# OxiRAG
[](https://crates.io/crates/oxirag)
[](https://docs.rs/oxirag)
[](LICENSE)
A four-layer Retrieval-Augmented Generation (RAG) engine in **Pure Rust** with SMT-based logic verification and knowledge graph support.
**Key Innovations:**
- **Speculative RAG**: Use cache as "drafts" not "answers" - verify with SLM before finalizing
- **Context-Aware Prefix Caching**: Efficiently manage KV Cache for "premise knowledge"
- **On-the-fly Distillation**: Automatically generate specialized lightweight models for frequent queries
- **Hidden States Manipulation**: Direct manipulation of transformer hidden states for verification
## Overview
OxiRAG provides a robust RAG pipeline with four specialized layers:
```
Query
│
├───────────────────────────────┐
▼ ▼
┌─────────────────┐ ┌─────────────────┐
│ Layer 1: Echo │ │ Layer 4: Graph │
│ (Vector Store) │ │ (GraphRAG) │
└────────┬────────┘ └────────┬────────┘
│ │
└───────────┬─────────────┘
▼
┌─────────────────────┐
│ Layer 2: Speculator │ ← Draft verification with SLM
│ (Draft Checker) │
└─────────┬───────────┘
│
▼
┌─────────────────┐
│ Layer 3: Judge │ ← Logic verification with SMT solver
│ (SMT Verifier) │
└────────┬────────┘
│
▼
Verified Answer
```
## Features
- **Layer 1 (Echo)**: Semantic search using vector embeddings
- Cosine, Euclidean, and Dot Product similarity metrics
- In-memory vector store with configurable capacity
- Pluggable embedding providers (Candle BERT, mock for testing)

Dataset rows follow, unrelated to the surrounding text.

lemma integral_refl_line_symmetrization:
  fixes \<Omega> :: "(real^2) set" and c :: real and x :: "real^2"
  assumes cpt: "compact \<Omega>" and h: "h > 0" and v: "norm v = 1"
  defines "\<phi> \<equiv> \<lambda>z. (indicator \<Omega> (refl_line v c z) - indicator \<Omega> z :: real)
      * (solid_angle_kernel h (z - x) - solid_angle_kernel h (refl_line v c z - x))"
  shows "\<phi> integrable_on UNIV"
    and "integral UNIV \<phi> = 2 * (solid_angle \<Omega> h (refl_line v c x) - solid_angle \<Omega> h x)"
proof -
  let ?I = "refl_line v c" and ?K = "\<lambda>z. solid_angle_kernel h (z - x)"
  let ?\<chi> = "indicator \<Omega> :: real^2 \<Rightarrow> real"
  note A = solid_angle_eq_integral_indicator[OF cpt h]
  define g where "g w = ?\<chi> w * solid_angle_kernel h (w - ?I x)" for w
  have K_refl: "solid_angle_kernel h (?I z - ?I x) = ?K z" for z
    unfolding solid_angle_kernel_def norm_diff_refl_line[OF v] ..
  define \<Delta> where "\<Delta> z = (?\<chi> (?I z) - ?\<chi> z) * ?K z" for z
  have \<Delta>_eq: "\<Delta> = (\<lambda>z. g (?I z) - ?\<chi> z * ?K z)"
    unfolding \<Delta>_def g_def K_refl by (simp add: algebra_simps)
  have g_refl: "(\<lambda>z. g (?I z)) absolutely_integrable_on UNIV"
    unfolding g_def by (rule absolutely_integrable_refl_line[OF v A(2)])
  have \<Delta>_int: "\<Delta> absolutely_integrable_on UNIV"
    unfolding \<Delta>_eq by (rule set_integral_diff(1)[OF g_refl A(2)])
  have \<Delta>_refl: "(\<lambda>z. \<Delta> (?I z)) absolutely_integrable_on UNIV"
    by (rule absolutely_integrable_refl_line[OF v \<Delta>_int])
  have \<phi>_eq: "\<phi> = (\<lambda>z. \<Delta> z + \<Delta> (?I z))"
    unfolding \<phi>_def \<Delta>_def refl_line_involutive[OF v] by (simp add: algebra_simps)
  show "\<phi> integrable_on UNIV"
    unfolding \<phi>_eq using \<Delta>_int \<Delta>_refl by (intro integrable_add set_lebesgue_integral_eq_integral(1))
  have "integral UNIV \<Delta> = solid_angle \<Omega> h (?I x) - solid_angle \<Omega> h x"
    unfolding \<Delta>_eq A(1)
    using integral_refl_line[OF v A(2)[of "?I x"]] g_refl A(2)[of x]
    by (simp add: g_def integral_diff set_lebesgue_integral_eq_integral(1))
  then show "integral UNIV \<phi> = 2 * (solid_angle \<Omega> h (?I x) - solid_angle \<Omega> h x)"
    unfolding \<phi>_eq using \<Delta>_int \<Delta>_refl integral_refl_line[OF v \<Delta>_int]
    by (simp add: integral_add set_lebesgue_integral_eq_integral(1))
qed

- **Layer 2 (Speculator)**: Draft verification
- Rule-based speculator for quick verification
- Candle-based SLM for advanced verification (optional)

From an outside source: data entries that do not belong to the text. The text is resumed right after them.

(* Under the standing setup and assumptions (A1)–(A3) described in the context, there exist operators $S^b\in\mathcal A_b$ and $S^t\in\mathcal A_t$ such that $$U|\Omega,\Omega\rangle=S^bS^t|\Omega,\Omega\rangle .$$ Moreover, writing $U|\Omega,\Omega\rangle=\sum_{i\in I,j\in J}X_{ij}|i,j\rangle$, the coefficients factor as $X_{ij}=\alpha_i\beta_j$ for some complex numbers $\alpha_i$ ($i\in I$), $\beta_j$ ($j\in J$).
   Context: Standing setup. $\mathcal H$ is a finite-dimensional complex Hilbert space; $I$ and $J$ are finite index sets and $\{|i,j\rangle: i\in I,j\in J\}$ is an orthonormal family in $\mathcal H$ (physically: low-energy edge states of a gapped 2D system on a cylinder, $i$ labelling the bottom edge and $j$ the top edge, in a fixed topological sector). $V$ denotes their span. Real numbers $\varepsilon^b_i$ ($i\in I$) and $\varepsilon^t_j$ ($j\in J$) are given (physically $\varepsilon^b_i=E^b_i-\mu_bN^b_i$, $\varepsilon^t_j=E^t_j-\mu_tN^t_j$). There is a distinguished index, denoted $\Omega$, in $I$ and in $J$ with $\varepsilon^b_\Omega=\varepsilon^t_\Omega=0\le \varepsilon^b_i,\varepsilon^t_j$ for all $i,j$. For $\delta>0$ put $I_\delta=\{i\in I:\varepsilon^b_i\le\delta\}$, $J_\delta=\{j\in J:\varepsilon^t_j\le\delta\}$, $V_\delta=\mathrm{span}\{|i,j\rangle:i\in I_\delta,j\in J_\delta\}$. $\mathcal A_b$ and $\mathcal A_t$ are sets of linear operators on $\mathcal H$ ("operators supported near the bottom edge / top edge"), each closed under sums, scalar multiples, products and adjoints and containing the identity, such that every element of $\mathcal A_b$ commutes with every element of $\mathcal A_t$. $U$ is a unitary on $\mathcal H$ (the flux-insertion evolution, a finite-time evolution by a local Hamiltonian) such that $U^\dagger\mathcal A_bU\subseteq\mathcal A_b$, $U\mathcal A_bU^\dagger\subseteq\mathcal A_b$, $U^\dagger\mathcal A_tU\subseteq\mathcal A_t$, $U\mathcal A_tU^\dagger\subseteq\mathcal A_t$ (idealized Lieb–Robinson locality). Assumptions. (A1) For all $i,i'\in I$ there is $O^b_{i'i}\in\mathcal A_b$ with $O^b_{i'i}|k,j\rangle=\delta_{ki}|i',j\rangle$ for all $k\in I,j\in J$; for all $j,j'\in J$ there is $O^t_{j'j}\in\mathcal A_t$ with $O^t_{j'j}|i,l\rangle=\delta_{lj}|i,j'\rangle$ for all $i\in I,l\in J$. (A2) For all $i\in I$, $j\in J$, $O^b\in\mathcal A_b$, $O^t\in\mathcal A_t$: $\langle i,j|O^bO^t|i,j\rangle=\langle i,j|O^b|i,j\rangle\langle i,j|O^t|i,j\rangle$. (A3) There is $\delta>0$ with $U V_\delta\subseteq V$. *)

theory Defs
  imports "Jordan_Normal_Form.Matrix" "Jordan_Normal_Form.Schur_Decomposition"
begin

text \<open>The finite-dimensional Hilbert space H is modelled as complex n-vectors
(carrier_vec n), operators as complex n x n matrices, the adjoint is mat_adjoint.\<close>

text \<open>Physics inner product: antilinear in the first argument, linear in the second.\<close>
definition braket :: "complex vec \<Rightarrow> complex vec \<Rightarrow> complex" where
  "braket v w = w \<bullet>c v"

definition kcomb :: "nat \<Rightarrow> ('i \<Rightarrow> 'j \<Rightarrow> complex vec) \<Rightarrow> ('i \<times> 'j) set
    \<Rightarrow> ('i \<times> 'j \<Rightarrow> complex) \<Rightarrow> complex vec" where
  "kcomb n ket S c = vec n (\<lambda>k. \<Sum>p\<in>S. c p * (ket (fst p) (snd p) $ k))"

definition kspan :: "nat \<Rightarrow> ('i \<Rightarrow> 'j \<Rightarrow> complex vec) \<Rightarrow> ('i \<times> 'j) set \<Rightarrow> complex vec set" where
  "kspan n ket S = {kcomb n ket S c | c. True}"

end

theory Submission imports Defs begin

(* Expand U|\<Omega>,\<Omega>> = \<Sum> X(i,j) |i,j>, which (A3) allows. If some X(i0,j0) is nonzero,
the product of the (A1) operators sending i to i0 at the bottom and j to j0 at the top maps
|i,j> to |i0,j0> and kills every other basis ket, so its expectation in U|\<Omega>,\<Omega>> is
cnj X(i0,j0) * X(i,j). Conjugation by U preserves both algebras, so this is also the
expectation of a bottom operator times a top operator in |\<Omega>,\<Omega>>, which factorizes by (A2);
hence X(i,j) = \<alpha> i * \<beta> j. Finally S_b = \<Sum> \<alpha> i O_b(\<Omega> \<rightarrow> i) and S_t = \<Sum> \<beta> j O_t(\<Omega> \<rightarrow> j)
lie in the algebras and create this product state from |\<Omega>,\<Omega>>. *)

definition comb_vec :: "nat \<Rightarrow> 'a set \<Rightarrow> ('a \<Rightarrow> complex) \<Rightarrow> ('a \<Rightarrow> complex vec) \<Rightarrow> complex vec" where
  "comb_vec n S c v = vec n (\<lambda>k. \<Sum>p\<in>S. c p * v p $ k)"

lemma kcomb_eq_comb_vec: "kcomb n ket S c = comb_vec n S c (\<lambda>p. ket (fst p) (snd p))"
  unfolding kcomb_def comb_vec_def ..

- Accept/Revise/Reject decision pipeline
- **Layer 3 (Judge)**: SMT-based logic verification
- Claim extraction from natural language
- SMT-LIB encoding of logical claims
- OxiZ SMT solver integration for formal verification
- Temporal, causal, and modal claim structures
- **Layer 4 (Graph)**: Knowledge graph-based retrieval (GraphRAG)

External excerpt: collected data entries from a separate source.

text \<open>
  Each clause in the definition of a weak solution is a measurability, integrability or
  almost-everywhere statement on \<open>[0,T]\<close>, or an identity between integrals over \<open>[0,T]\<close> against
  test functions. Translating time by \<open>s \<ge> 0\<close> transports each clause from \<open>[0,T+s]\<close> to \<open>[0,T]\<close>:
  Lebesgue measure is translation invariant, and a test function \<open>\<psi>\<close> on \<open>(0,T)\<close> becomes the
  test function \<open>\<psi>(\<cdot> - s)\<close> on \<open>(0,T+s)\<close>, which vanishes on \<open>[0,s]\<close>.
  The trajectories \<open>S\<^sub>N\<^sub>j(\<cdot>) u\<^sub>0\<^sup>j\<close> that approximate \<open>u\<close> along the times \<open>t\<^sub>j\<close> approximate
  \<open>u(\<cdot> + s)\<close> along the times \<open>t\<^sub>j + s\<close>; in particular \<open>u(s)\<close> is a weak limit of
  \<open>S\<^sub>N\<^sub>j(t\<^sub>j + s) u\<^sub>0\<^sup>j\<close>, hence lies in the attractor.
\<close>

lemma sets_lebesgue_Icc [simp]: "{a..b::real} \<in> sets lebesgue"
  using lmeasurable_cbox[of a b] by (simp add: fmeasurableD)

lemma lebesgue_measurable_translation_real: "(\<lambda>x::real. x + c) \<in> lebesgue \<rightarrow>\<^sub>M lebesgue"
  using lebesgue_affine_measurable[where c="\<lambda>_::real. 1" and t=c] by (simp add: add.commute)

lemma distr_lebesgue_translation_real: "distr lebesgue lebesgue (\<lambda>x::real. x + c) = lebesgue"
  using lebesgue_real_affine[of 1 c] by (simp add: density_1 add.commute)

lemma AE_lebesgue_translation_real:
  "(AE x in lebesgue. P x) \<Longrightarrow> AE x in lebesgue. P (x + c::real)"
  by (rule AE_distrD[OF lebesgue_measurable_translation_real]) (simp only: distr_lebesgue_translation_real)

lemma has_bochner_integral_translate_real:
  fixes f :: "real \<Rightarrow> 'a::euclidean_space"
  shows "has_bochner_integral (lebesgue_on {a - c..b - c}) (\<lambda>x. f (x + c)) i
     \<longleftrightarrow> has_bochner_integral (lebesgue_on {a..b}) f i"
proof -
  have "(\<lambda>x. indicator {a..b} (c + 1 * x) *\<^sub>R f (c + 1 * x)) = (\<lambda>x. indicator {a - c..b - c} x *\<^sub>R f (x + c))"
    by (auto simp: indicator_def fun_eq_iff add.commute)
  then show ?thesis
    using has_bochner_integral_lebesgue_real_affine_iff[of 1 "\<lambda>x. indicator {a..b} x *\<^sub>R f x" i c]
    by (simp add: has_bochner_integral_restrict_space)
qed

lemma integrable_translate_real:
  fixes f :: "real \<Rightarrow> 'a::euclidean_space"
  shows "integrable (lebesgue_on {a - c..b - c}) (\<lambda>x. f (x + c)) \<longleftrightarrow> integrable (lebesgue_on {a..b}) f"
  by (simp add: integrable.simps has_bochner_integral_translate_real)

lemma integral_translate_real:
  fixes f :: "real \<Rightarrow> 'a::euclidean_space"
  shows "integral\<^sup>L (lebesgue_on {a - c..b - c}) (\<lambda>x. f (x + c)) = integral\<^sup>L (lebesgue_on {a..b}) f"
proof (cases "integrable (lebesgue_on {a..b}) f")
  case True
  then show ?thesis
    by (intro has_bochner_integral_integral_eq)
       (simp add: has_bochner_integral_translate_real has_bochner_integral_integrable)
next
  case False
  then show ?thesis
    by (simp add: integrable_translate_real not_integrable_integral_eq)
qed

lemma borel_measurable_translate_real:
  fixes f :: "real \<Rightarrow> 'a::real_normed_vector"
  assumes "f \<in> borel_measurable (lebesgue_on {a..b})"
  shows "(\<lambda>x. f (x + c)) \<in> borel_measurable (lebesgue_on {a - c..b - c})"
proof -
  have "(\<lambda>x. indicator {a..b} x *\<^sub>R f x) \<in> borel_measurable lebesgue"
    using assms by (simp add: borel_measurable_restrict_space_iff)
  from measurable_compose[OF lebesgue_measurable_translation_real this, of c]
  show ?thesis
    by (simp add: borel_measurable_restrict_space_iff indicator_def algebra_simps)
qed

lemma AE_translate_real:
  fixes a b c :: real
  assumes "AE x in lebesgue_on {a..b}. P x"
  shows "AE x in lebesgue_on {a - c..b - c}. P (x + c)"
proof -
  have "AE x in lebesgue. x \<in> {a..b} \<longrightarrow> P x"
    using assms by (subst (asm) AE_restrict_space_iff) auto
  from AE_lebesgue_translation_real[OF this, of c] show ?thesis
    by (subst AE_restrict_space_iff) (auto simp: algebra_simps)
qed

lemma AE_lebesgue_on_subset:
  assumes "AE x in lebesgue_on A. P x" "B \<subseteq> A" "A \<in> sets lebesgue" "B \<in> sets lebesgue"
  shows "AE x in lebesgue_on B. P x"
  using assms by (auto simp: AE_restrict_space_iff elim!: eventually_mono)

lemma integral_lebesgue_on_vanishing:
  fixes f :: "real \<Rightarrow> 'a::euclidean_space"
  assumes "\<And>t. t \<in> {a..<c} \<Longrightarrow> f t = 0" "a \<le> c"
  shows "integral\<^sup>L (lebesgue_on {c..b}) f = integral\<^sup>L (lebesgue_on {a..b}) f"
proof -
  have "(\<lambda>t. indicator {c..b} t *\<^sub>R f t) = (\<lambda>t. indicator {a..b} t *\<^sub>R f t)"
    using assms by (force simp: indicator_def fun_eq_iff)
  then show ?thesis by (simp add: integral_restrict_space)
qed

lemma borel_measurable_delay:
  fixes f :: "real \<Rightarrow> 'a::real_normed_vector"
  assumes "f \<in> borel_measurable (lebesgue_on {a..b + s})" "0 \<le> s"
  shows "(\<lambda>t. f (t + s)) \<in> borel_measurable (lebesgue_on {a..b})"
proof -
  have "(\<lambda>t. f (t + s)) \<in> borel_measurable (lebesgue_on {a - s..b})"
    using borel_measurable_translate_real[OF assms(1), of s] by simp
  then show ?thesis
    by (rule measurable_restrict_mono) (use assms(2) in auto)
qed

lemma AE_delay:
  fixes a b s :: real
  assumes "AE t in lebesgue_on {a..b + s}. P t" "0 \<le> s"
  shows "AE t in lebesgue_on {a..b}. P (t + s)"
proof -
  have "AE t in lebesgue_on {a - s..b}. P (t + s)"
    using AE_translate_real[OF assms(1), of s] unfolding add_diff_cancel_right' .
  then show ?thesis
    by (rule AE_lebesgue_on_subset) (use assms(2) in auto)
qed

lemma integrable_delay:
  fixes f :: "real \<Rightarrow> 'a::euclidean_space"
  assumes "integrable (lebesgue_on {a..b + s}) f" "0 \<le> s"
  shows "integrable (lebesgue_on {a..b}) (\<lambda>t. f (t + s))"
proof -
  have "integrable (lebesgue_on {a - s..b}) (\<lambda>t. f (t + s))"
    using assms(1) integrable_translate_real[where a=a and b="b + s" and c=s and f=f] by simp
  then show ?thesis
    by (rule integrable_subinterval) (use assms(2) in auto)
qed

lemma integral_delay:
  fixes f :: "real \<Rightarrow> 'a::euclidean_space"
  assumes "\<And>t. t \<in> {a..<a + s} \<Longrightarrow> f t = 0" "0 \<le> s"
  shows "integral\<^sup>L (lebesgue_on {a..b}) (\<lambda>t. f (t + s)) = integral\<^sup>L (lebesgue_on {a..b + s}) f"
proof -
  have "integral\<^sup>L (lebesgue_on {a..b}) (\<lambda>t. f (t + s))
      = integral\<^sup>L (lebesgue_on {a - s..b}) (\<lambda>t. f (t + s))"
    using assms by (intro integral_lebesgue_on_vanishing) auto
  also have "\<dots> = integral\<^sup>L (lebesgue_on {a..b + s}) f"
    using integral_translate_real[where a=a and b="b + s" and c=s] by simp
  finally show ?thesis .
qed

- Entity and relationship extraction from documents
- In-memory graph store with traversal algorithms
- BFS traversal, shortest path, and N-hop queries
- Hybrid search combining vector and graph results
- **Prefix Caching**: Context-aware KV cache management
- Efficient caching of processed document contexts
- Context fingerprinting for cache key generation
- LRU eviction with TTL support
- Prefix matching for partial cache hits
- **Distillation**: On-the-fly model distillation support
- Query pattern frequency tracking
- Automatic Q&A pair collection
- Distillation candidate detection
- Training example export for LoRA fine-tuning
- Feature-based distillation (FitNet, attention transfer)
- Teacher-student architecture with progressive learning
- Distillation loss functions (KL, MSE, cosine)
- **Cross-Platform**: Native and WASM support
- Full async/await support with Tokio (native)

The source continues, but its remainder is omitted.